Damastes

Scientific classification
- Kingdom: Animalia
- Phylum: Arthropoda
- Subphylum: Chelicerata
- Class: Arachnida
- Order: Araneae
- Infraorder: Araneomorphae
- Family: Sparassidae
- Genus: Damastes Simon, 1880
- Type species: D. grandidieri Simon, 1880
- Species: 16, see text

= Damastes (spider) =

Genus of spiders

Damastes is a genus of East African huntsman spiders that was first described by Eugène Louis Simon in 1880. It is classified under the family Sparassidae, though its subfamilial classification remains unclear.

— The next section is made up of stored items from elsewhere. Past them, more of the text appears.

lemma card_greater_nth:
  fixes xs :: "'a :: linorder list"
  assumes "sorted_wrt (>) xs" "r < length xs"
  shows "card {x \<in> set xs. xs ! r < x} = r"
proof -
  let ?pre = "take r xs" and ?post = "drop (Suc r) xs"
  have split: "xs = ?pre @ xs ! r # ?post"
    using assms(2) by (rule id_take_nth_drop)
  then have "sorted_wrt (>) (?pre @ xs ! r # ?post)" and set_xs: "set xs = set (?pre @ xs ! r # ?post)"
    using assms(1) by simp_all
  then have "\<forall>x\<in>set ?pre. xs ! r < x" "\<forall>x\<in>set ?post. x < xs ! r"
    by (simp_all add: sorted_wrt_append)
  then have "{x \<in> set xs. xs ! r < x} = set ?pre"
    unfolding set_xs by auto
  moreover have "distinct ?pre"
    using sorted_wrt_greater_distinct[OF assms(1)] by simp
  ultimately show ?thesis
    using assms(2) by (simp add: distinct_card)
qed

lemma assign_desc_sorted:
  assumes "sorted_wrt (>) ms" "j \<in> set ms"
  shows "assign_desc e ms (set ms) j = j"
proof -
  obtain r where "r < length ms" "j = ms ! r"
    using assms(2) by (auto simp: in_set_conv_nth)
  with assms show ?thesis
    by (simp add: assign_desc_def card_greater_nth)
qed

lemma finite_index_seqs: "finite (index_seqs n)"
proof (rule finite_subset)
  show "index_seqs n \<subseteq> {xs. set xs \<subseteq> {1..n-1} \<and> distinct xs}"
    by (auto simp: index_seqs_def sorted_wrt_greater_distinct)
qed (simp add: finite_subset_distinct)

lemma set_index_seqs: "m \<in> index_seqs n \<Longrightarrow> set m \<subseteq> {..<n}"
  by (auto simp: index_seqs_def subset_iff)

lemma index_seqs_eq_if_set_eq:
  assumes "s \<in> index_seqs n" "m \<in> index_seqs n" "set s = set m"
  shows "s = m"
proof -
  have "sorted_wrt (<) (rev s)" "sorted_wrt (<) (rev m)"
    using assms(1,2) by (simp_all add: index_seqs_def sorted_wrt_rev)
  then have "rev s = rev m"
    using assms(3) by (intro strict_sorted_equal) simp_all
  then show ?thesis
    by simp
qed

lemma omega_deriv_index_seqs_other:
  assumes "m \<in> index_seqs n" "s \<in> index_seqs n" "s \<noteq> m"
  shows "omega_deriv n s (set m) (\<lambda>l. if l \<in> set m then 0 else l) = 0"
proof (cases "length s = length m")
  case False
  then have "card (set m) \<noteq> length s"
    using assms(1) by (simp add: index_seqs_def sorted_wrt_greater_distinct distinct_card)
  then show ?thesis
    by (simp add: omega_deriv_def omega_eq_0_if_card_ne)
next
  case True
  obtain v where v: "v \<in> set s" "v \<notin> set m"
  proof (rule ccontr)
    assume "\<not> thesis"
    then have "set s \<subseteq> set m"
      using that by blast
    moreover have "card (set s) = card (set m)"
      using assms(1,2) True by (simp add: index_seqs_def sorted_wrt_greater_distinct distinct_card)
    ultimately have "set s = set m"
      by (intro card_subset_eq) auto
    with assms index_seqs_eq_if_set_eq show False
      by blast
  qed
  moreover have "v < n"
    using v(1) set_index_seqs[OF assms(2)] by auto
  ultimately show ?thesis
    by (intro omega_deriv_eq_0_if_exponent_in_list[of v s v]) auto
qed

lemma omega_deriv_index_seqs_self:
  assumes "m \<in> index_seqs n"
  shows "omega_deriv n m (set m) (\<lambda>l. if l \<in> set m then 0 else l) \<noteq> 0"
proof -
  have sorted: "sorted_wrt (>) m" and "set m \<subseteq> {..<n}"
    using assms set_index_seqs by (auto simp: index_seqs_def)
  moreover have "card (set m) = length m"
    using sorted by (simp add: sorted_wrt_greater_distinct distinct_card)
  moreover have "assign_desc (\<lambda>l. if l \<in> set m then 0 else l) m (set m) = (\<lambda>i. i)"
    using assign_desc_sorted[OF sorted] by (auto simp: assign_desc_def)
  ultimately show ?thesis
    by (simp add: omega_deriv_eq delta_deriv_id)
qed

theorem lemma12:
  fixes n :: nat
  shows "finite (index_seqs n) \<and> lin_indep_family (index_seqs n) (omega n)"
proof
  show "finite (index_seqs n)"
    by (rule finite_index_seqs)
  show "lin_indep_family (index_seqs n) (omega n)"
    unfolding lin_indep_family_def
  proof (intro allI impI ballI)
    fix c m
    assume vanishes: "\<forall>J p. (\<Sum>s\<in>index_seqs n. c s * omega n s J p) = 0" and m: "m \<in> index_seqs n"
    define e where "e = (\<lambda>l. if l \<in> set m then 0 else l)"
    have "0 = multi_partial e n (\<lambda>p. \<Sum>s\<in>index_seqs n. c s * omega n s (set m) p) (\<lambda>_. 0)"
      using vanishes by simp
    also have "\<dots> = (\<Sum>s\<in>index_seqs n. c s * omega_deriv n s (set m) e)"
      by (simp add: multi_partial_linear omega_deriv_def)
    also have "\<dots> = c m * omega_deriv n m (set m) e"
      using m omega_deriv_index_seqs_other[OF m] finite_index_seqs
      by (subst sum.remove[of _ m]) (auto simp: e_def intro!: sum.neutral)
    finally show "c m = 0"
      using omega_deriv_index_seqs_self[OF m] by (simp add: e_def)
  qed
qed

The subspecies Damastes coquereli affinis is a nomen dubium.

==Species==
As of September 2019 it contains sixteen species, found on the Seychelles, in Mozambique, and on Madagascar:
- Damastes atrignathus Strand, 1908 – Madagascar
- Damastes coquereli Simon, 1880 – Madagascar
- Damastes decoratus (Simon, 1897) – Madagascar
- Damastes fasciolatus (Simon, 1903) – Madagascar
- Damastes flavomaculatus Simon, 1880 – Madagascar
- Damastes grandidieri Simon, 1880 (type) – Madagascar
- Damastes majungensis Strand, 1907 – Madagascar
- Damastes malagassus (Fage, 1926) – Madagascar
- Damastes malagasus (Karsch, 1881) – Madagascar
- Damastes masculinus Strand, 1908 – Madagascar
- Damastes nigrichelis (Strand, 1907) – Mozambique
- Damastes nossibeensis Strand, 1907 – Madagascar
- Damastes oswaldi Lenz, 1891 – Madagascar
- Damastes pallidus (Schenkel, 1937) – Madagascar
- Damastes sikoranus Strand, 1906 – Madagascar
- Damastes validus (Blackwall, 1877) – Seychelles

==Trapping prey==
An unspecified Damastes species has been observed in the Sava Region of northeast Madagascar predating on vertebrates (frogs, Heterixalus andrakata). The same spider - and others of the same species - also build structures of leaves and silk and hide in the back of them. It is speculated that these are traps for catching these frogs.